How model can detect smaller objects?
(For my purposes recall is the most important metric)

what I found was bunch of different custom yolo models (different backbone, P2 aux head or attention block etc.) and their recall or mAP50 increased even if it's not so big so I tried to implement these changes. Results decrased pretty dramatically. I couldnt figure it out why so how I can achieve what I aim?
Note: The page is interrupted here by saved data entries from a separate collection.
(* Every 4-regular graph with girth 5 has a strong edge-coloring using at most 22 colors.
   Context: A strong edge-coloring of a graph is a proper edge-coloring in which, in addition, no two edges of the same color lie on a common path of length three. The girth of a graph is the length of its shortest cycle (a loop counts as a cycle of length 1 and a pair of parallel edges as a cycle of length 2). *)

theory Defs
  imports Main "HOL-Library.Extended_Nat"
begin

text \<open>A finite simple graph: finite vertex set V and a set E of 2-element subsets of V.
  (A multigraph of girth 5 has no loops or parallel edges, hence is simple.)\<close>
definition simple_graph :: "'a set \<Rightarrow> 'a set set \<Rightarrow> bool" where
  "simple_graph V E \<longleftrightarrow> finite V \<and> (\<forall>e\<in>E. \<exists>u v. u \<in> V \<and> v \<in> V \<and> u \<noteq> v \<and> e = {u, v})"

definition degree :: "'a set set \<Rightarrow> 'a \<Rightarrow> nat" where
  "degree E v = card {e \<in> E. v \<in> e}"

definition regular :: "'a set \<Rightarrow> 'a set set \<Rightarrow> nat \<Rightarrow> bool" where
  "regular V E d \<longleftrightarrow> (\<forall>v\<in>V. degree E v = d)"

definition is_cycle :: "'a set set \<Rightarrow> 'a list \<Rightarrow> bool" where
  "is_cycle E vs \<longleftrightarrow> length vs \<ge> 3 \<and> distinct vs \<and>
     (\<forall>i < length vs. {vs ! i, vs ! ((i + 1) mod length vs)} \<in> E)"

text \<open>Girth: length of a shortest cycle (infinity for forests).\<close>
definition girth :: "'a set set \<Rightarrow> enat" where
  "girth E = (INF vs \<in> {vs. is_cycle E vs}. enat (length vs))"

definition path3 :: "'a set set \<Rightarrow> 'a \<Rightarrow> 'a \<Rightarrow> 'a \<Rightarrow> 'a \<Rightarrow> bool" where
  "path3 E a b c d \<longleftrightarrow> distinct [a, b, c, d] \<and> {a, b} \<in> E \<and> {b, c} \<in> E \<and> {c, d} \<in> E"

definition proper_edge_coloring :: "'a set set \<Rightarrow> ('a set \<Rightarrow> 'c) \<Rightarrow> bool" where
  "proper_edge_coloring E col \<longleftrightarrow>
     (\<forall>e\<in>E. \<forall>f\<in>E. e \<noteq> f \<and> e \<inter> f \<noteq> {} \<longrightarrow> col e \<noteq> col f)"

text \<open>Strong edge-coloring: proper, and no two edges of the same colour lie on a common
  path of length three (the only pair on such a path not already sharing a vertex is
  its first and last edge).\<close>
definition strong_edge_coloring :: "'a set set \<Rightarrow> ('a set \<Rightarrow> 'c) \<Rightarrow> bool" where
  "strong_edge_coloring E col \<longleftrightarrow> proper_edge_coloring E col \<and>
     (\<forall>a b c d. path3 E a b c d \<longrightarrow> col {a, b} \<noteq> col {c, d})"

end

theory Submission
  imports Defs
begin

(* Call two edges conflicting if they share a vertex or are joined by an edge. In a 4-regular
  graph every edge conflicts with at most 24 others, so greedy colouring uses 25 colours; the
  point is to save three colours at every edge.

  Choose a maximal set R of vertices at pairwise distance greater than 7. Around each root r fix
  a neighbour s, three pairwise non-conflicting edges T that all conflict with every edge at r,
  and two non-conflicting edges Q that conflict with rs; girth five makes this possible.
  Precolour every T-edge with colour 0 and every Q-edge with colour 1: configurations of distinct
  roots lie too far apart to interfere. Colour the remaining edges greedily, farthest from R
  first, then the edges at the roots, the edges rs last. An edge away from R has a neighbouring
  vertex closer to R whose at least three uncoloured edges come later; an edge at r other than
  rs sees the three T-edges in one colour and rs comes later; rs sees the five edges of T and Q
  in two colours. So at most 21 colours are ever blocked. *)

section \<open>Greedy colouring with a precoloured part\<close>

lemma proper_colouring_extend:
  fixes col :: "'b \<Rightarrow> nat"
  assumes C_sym: "\<And>y z. C y z \<Longrightarrow> C z y" and C_irrefl: "\<And>y. \<not> C y y"
    and proper: "\<forall>y\<in>A. \<forall>z\<in>A. C y z \<longrightarrow> col y \<noteq> col z"
    and "finite A" and few: "card (col ` {y\<in>A. C x y}) < k"
  obtains c where "c < k" "\<forall>y\<in>insert x A. \<forall>z\<in>insert x A. C y z \<longrightarrow> (col(x := c)) y \<noteq> (col(x := c)) z"
proof -
  have "\<not> {..<k} \<subseteq> col ` {y\<in>A. C x y}"
    using card_mono[of "col ` {y\<in>A. C x y}" "{..<k}"] \<open>finite A\<close> few by auto
  then obtain c where "c < k" "\<forall>y\<in>A. C x y \<longrightarrow> col y \<noteq> c"
    by blast
  moreover from this(2) have "\<forall>y\<in>insert x A. \<forall>z\<in>insert x A. C y z \<longrightarrow> (col(x := c)) y \<noteq> (col(x := c)) z"
    using proper C_sym C_irrefl by (metis fun_upd_apply insert_iff)
  ultimately show thesis
    using that by blast
qed

lemma greedy_colouring_extension:
  fixes C :: "'b \<Rightarrow> 'b \<Rightarrow> bool" and rank :: "'b \<Rightarrow> nat" and pre :: "'b \<Rightarrow> nat"
  assumes "finite X" "finite P" "X \<inter> P = {}"
    and C_sym: "\<And>x y. C x y \<Longrightarrow> C y x" and C_irrefl: "\<And>x. \<not> C x x"
    and pre_range: "\<And>x. x \<in> P \<Longrightarrow> pre x < k"
    and pre_proper: "\<And>x y. x \<in> P \<Longrightarrow> y \<in> P \<Longrightarrow> C x y \<Longrightarrow> pre x \<noteq> pre y"
    and few_blocked: "\<And>x. x \<in> X \<Longrightarrow>
      card {y\<in>X. C x y \<and> rank y \<le> rank x} + card (pre ` {y\<in>P. C x y}) < k"
  shows "\<exists>col. (\<forall>x\<in>X \<union> P. col x < k) \<and> (\<forall>x\<in>X \<union> P. \<forall>y\<in>X \<union> P. C x y \<longrightarrow> col x \<noteq> col y)"
proof -
  define good where "good S col \<longleftrightarrow> (\<forall>x\<in>P. col x = pre x) \<and> (\<forall>x\<in>S \<union> P. col x < k) \<and>
    (\<forall>x\<in>S \<union> P. \<forall>y\<in>S \<union> P. C x y \<longrightarrow> col x \<noteq> col y)" for S col
  have "S \<subseteq> X \<Longrightarrow> \<exists>col. good S col" if "finite S" for S
    using that
  proof (induction S rule: finite_ranking_induct[where f = rank])
    case empty
    show ?case
      using pre_range pre_proper unfolding good_def by (intro exI[of _ pre]) auto
  next
    case (insert x S)
    then obtain col where col_P: "\<forall>y\<in>P. col y = pre y" and col_range: "\<forall>y\<in>S \<union> P. col y < k"
      and col_proper: "\<forall>y\<in>S \<union> P. \<forall>z\<in>S \<union> P. C y z \<longrightarrow> col y \<noteq> col z"
      unfolding good_def by blast
    have "x \<in> X" "x \<notin> P"
      using insert.prems \<open>X \<inter> P = {}\<close> by auto
    have fin: "finite {y\<in>S. C x y}" "finite {y\<in>P. C x y}" "finite (S \<union> P)"
      using insert.hyps(1) \<open>finite P\<close> by auto
    have "col ` {y\<in>S \<union> P. C x y} \<subseteq> col ` {y\<in>S. C x y} \<union> pre ` {y\<in>P. C x y}"
      using col_P by auto
    then have "card (col ` {y\<in>S \<union> P. C x y}) \<le> card (col ` {y\<in>S. C x y}) + card (pre ` {y\<in>P. C x y})"
      using fin card_Un_le[of "col ` {y\<in>S. C x y}" "pre ` {y\<in>P. C x y}"] card_mono by (meson finite_UnI finite_imageI le_trans)
    moreover have "card (col ` {y\<in>S. C x y}) \<le> card {y\<in>S. C x y}"
      using fin(1) by (rule card_image_le)
    moreover have "card {y\<in>S. C x y} \<le> card {y\<in>X. C x y \<and> rank y \<le> rank x}"
      by (rule card_mono) (use \<open>finite X\<close> insert in auto)
    ultimately have "card (col ` {y\<in>S \<union> P. C x y}) < k"
      using few_blocked[OF \<open>x \<in> X\<close>] by linarith
    with proper_colouring_extend[OF C_sym C_irrefl col_proper fin(3)] obtain c where "c < k"
      and "\<forall>y\<in>insert x (S \<union> P). \<forall>z\<in>insert x (S \<union> P). C y z \<longrightarrow> (col(x := c)) y \<noteq> (col(x := c)) z"
      by blast
    then have "good (insert x S) (col(x := c))"
      using col_P col_range \<open>x \<notin> P\<close> unfolding good_def by auto
    then show ?case by blast
  qed
  then obtain col where "good X col"
    using \<open>finite X\<close> by blast
  then show ?thesis
    unfolding good_def by blast
qed

(* N: the edges conflicting with the edge being coloured, P: the precoloured edges. The blocked
  colours are those of A (uncoloured, coloured no later) and of N \<inter> P; the bound saves one colour
  per edge of L (coloured later) and per edge of S beyond the colours that S uses. *)
lemma card_blocked_colours_le:
  assumes "finite N" "L \<subseteq> N - P" "S \<subseteq> N \<inter> P" "A \<subseteq> N - P - L"
  shows "card A + card (c ` (N \<inter> P)) + card L + card S \<le> card N + card (c ` S)"
proof -
  have fin: "finite (N - P)" "finite (N \<inter> P)" "finite L" "finite S"
    using assms by (auto intro: finite_subset)
  have "card A \<le> card (N - P - L)"
    using assms(4) fin by (intro card_mono) auto
  also have "\<dots> = card (N - P) - card L"
    using assms(2) fin by (simp add: card_Diff_subset)
  finally have uncoloured: "card A + card L \<le> card (N - P)"
    using assms(2) fin card_mono[of "N - P" L] by linarith
  have "card (c ` (N \<inter> P)) \<le> card (c ` S \<union> c ` (N \<inter> P - S))"
    using fin by (intro card_mono) auto
  also have "\<dots> \<le> card (c ` S) + card (N \<inter> P - S)"
    using card_Un_le card_image_le fin by (meson add_left_mono finite_Diff order_trans)
  also have "\<dots> = card (c ` S) + card (N \<inter> P) - card S"
    using assms(3) fin by (simp add: card_Diff_subset card_mono)
  finally have coloured: "card (c ` (N \<inter> P)) + card S \<le> card (c ` S) + card (N \<inter> P)"
    using assms(3) fin card_mono[of "N \<inter> P" S] by linarith
  show ?thesis
    using uncoloured coloured card_Int_Diff[OF assms(1), of P] by linarith
qed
Am I looking the wrong way ? What could be the reason for getting low results ?

P.S. I'm fine-tuning the model

Answered by glenn-jocher

Apr 2, 2026

Suggested reply:

Thanks for sharing the batches — the mAP50 to mAP50-95 gap suggests the main issue is likely localization on very small targets, so I’d pause backbone/head changes and instead check annotation tightness, review the class-wise model.val() outputs plus the confusion matrix and PR/F1 curves, and for fine-tuning try warmup_epochs=0 and training-time image tiling before making architecture edits; the model evaluation guide and performance metrics guide are the best references here. (docs.ultralytics.com)

View full answer

UltralyticsAssistant · 2026-04-01T20:17:34Z

UltralyticsAssistant
Apr 1, 2026
Maintainer

👋 Hello @CihangirEmre, thank you for your interest in Ultralytics 🚀 and for sharing details about your kidney stone detection project with YOLO26. This is an automated response to help get the discussion moving quickly, and an Ultralytics engineer will also assist you soon.

We recommend a visit to the Docs for new users where you can find many Python and CLI usage examples and where many of the most common questions may already be answered.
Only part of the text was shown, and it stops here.